→ Required action: Lines from the one containing "using assms(1) by auto" through the last line of the records below are to be repeated exactly.

(Data excerpts)

lemma is_primroot_int_iff:
  assumes "prime p" "coprime q (int p)"
  shows "is_primroot_int p q \<longleftrightarrow> (\<forall>z. 0 < z \<and> z < p \<longrightarrow> (\<exists>y. int z = q ^ y mod int p))"
proof -
  define Q where "Q = nat (q mod int p)"
  have p: "1 < p"
    using assms(1) by (rule prime_gt_1_nat)
  have Q: "int Q = q mod int p"
    using p by (simp add: Q_def)
  have powers: "int (Q ^ y mod p) = q ^ y mod int p" for y
    by (simp add: of_nat_mod Q power_mod)
  have "coprime (int Q) (int p)"
    unfolding Q using assms(2) p by simp
  then have "coprime p Q"
    by (simp add: coprime_commute)
  then have "is_primroot_int p q \<longleftrightarrow> totatives p \<subseteq> range (\<lambda>i. Q ^ i mod p)"
    unfolding is_primroot_int_def Q_def[symmetric]
    by (rule residue_primroot_iff_totatives_subset[OF p])
  also have "\<dots> \<longleftrightarrow> (\<forall>z. 0 < z \<and> z < p \<longrightarrow> (\<exists>y. z = Q ^ y mod p))"
    by (auto simp: totatives_prime[OF assms(1)] subset_iff image_iff)
  also have "\<dots> \<longleftrightarrow> (\<forall>z. 0 < z \<and> z < p \<longrightarrow> (\<exists>y. int z = q ^ y mod int p))"
    by (simp flip: powers)
  finally show ?thesis .
qed

lemma gamma_edge_iff:
  assumes "prime p" "coprime q (int p)" "0 < n"
  shows "gamma_edge p n q x z \<longleftrightarrow> x < p ^ n \<and>
           (\<exists>y. [y = x] (mod p ^ (n - 1)) \<and> int z = q ^ y mod int (p ^ n))"
proof -
  define m where "m = p ^ (n - 1)"
  have pm: "p ^ n = p * m"
    using assms(3) by (simp add: m_def power_eq_if)
  have "\<exists>y'. [y' = x] (mod p ^ n) \<and> int z = q ^ y' mod int (p ^ n)"
    if y: "[y = x] (mod m)" "int z = q ^ y mod int (p ^ n)" for y
  proof -
    obtain t where t: "[y + m * (p - 1) * t = x] (mod p * m)"
      using exists_cong_shift[OF prime_gt_1_nat[OF assms(1)] y(1)] by blast
    have "[q ^ (y + m * (p - 1) * t) = q ^ y] (mod int (p ^ n))"
      using cong_power_totient_prime_power[OF assms]
      by (intro cong_power_add_mult) (simp add: m_def)
    with y(2) have "int z = q ^ (y + m * (p - 1) * t) mod int (p ^ n)"
      by (simp add: cong_def)
    with t pm show ?thesis
      by auto
  qed
  moreover have "[y = x] (mod m)" if "[y = x] (mod p ^ n)" for y
    using that by (rule cong_dvd_modulus_nat) (simp add: pm)
  ultimately show ?thesis
    unfolding gamma_edge_def m_def by blast
qed

lemma adj_one_eq:
  assumes "prime p" "coprime q (int p)" "x < p"
  shows "adj p 1 q x z = (if 0 < z \<and> (\<exists>y. int z = q ^ y mod int p) then 1 else 0)"
proof -
  have "p \<noteq> 1"
    using assms(1) by auto
  then have "0 < z" if "int z = q ^ y mod int p" for y
    using that power_mod_neq_0[OF assms(2), of y] by (metis gr0I of_nat_0)
  then have "(\<exists>y. int z = q ^ y mod int p) \<longleftrightarrow> 0 < z \<and> (\<exists>y. int z = q ^ y mod int p)"
    by blast
  then show ?thesis
    unfolding adj_def using gamma_edge_iff[OF assms(1,2), of 1] assms(3) by simp
qed

lemma adj_one_complete_iff_primroot:
  assumes "prime p" "coprime q (int p)"
  shows "(\<forall>x<p. \<forall>z<p. adj p 1 q x z = (if z = 0 then 0 else 1)) \<longleftrightarrow> is_primroot_int p q"
proof -
  have "adj p 1 q x z = (if z = 0 then 0 else 1) \<longleftrightarrow> (0 < z \<longrightarrow> (\<exists>y. int z = q ^ y mod int p))"
    if "x < p" for x z
    using adj_one_eq[OF assms that, of z] by auto
  then have "(\<forall>x<p. \<forall>z<p. adj p 1 q x z = (if z = 0 then 0 else 1))
             \<longleftrightarrow> (\<forall>z. 0 < z \<and> z < p \<longrightarrow> (\<exists>y. int z = q ^ y mod int p))"
    using prime_gt_0_nat[OF assms(1)] by blast
  with is_primroot_int_iff[OF assms] show ?thesis
    by simp
qed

(End Data excerpts)

→ Solution for this problem:
    using assms(1) by auto
  then have "0 < z" if "int z = q ^ y mod int p" for y
    using that power_mod_neq_0[OF assms(2), of y] by (metis gr0I of_nat_0)
  then have "(\<exists>y. int z = q ^ y mod int p) \<longleftrightarrow> 0 < z \<and> (\<exists>y. int z = q ^ y mod int p)"
    by blast
  then show ?thesis
    unfolding adj_def using gamma_edge_iff[OF assms(1,2), of 1] assms(3) by simp
qed

lemma adj_one_complete_iff_primroot:
  assumes "prime p" "coprime q (int p)"
  shows "(\<forall>x<p. \<forall>z<p. adj p 1 q x z = (if z = 0 then 0 else 1)) \<longleftrightarrow> is_primroot_int p q"
proof -
  have "adj p 1 q x z = (if z = 0 then 0 else 1) \<longleftrightarrow> (0 < z \<longrightarrow> (\<exists>y. int z = q ^ y mod int p))"
    if "x < p" for x z
    using adj_one_eq[OF assms that, of z] by auto
  then have "(\<forall>x<p. \<forall>z<p. adj p 1 q x z = (if z = 0 then 0 else 1))
             \<longleftrightarrow> (\<forall>z. 0 < z \<and> z < p \<longrightarrow> (\<exists>y. int z = q ^ y mod int p))"
    using prime_gt_0_nat[OF assms(1)] by blast
  with is_primroot_int_iff[OF assms] show ?thesis
    by simp
qed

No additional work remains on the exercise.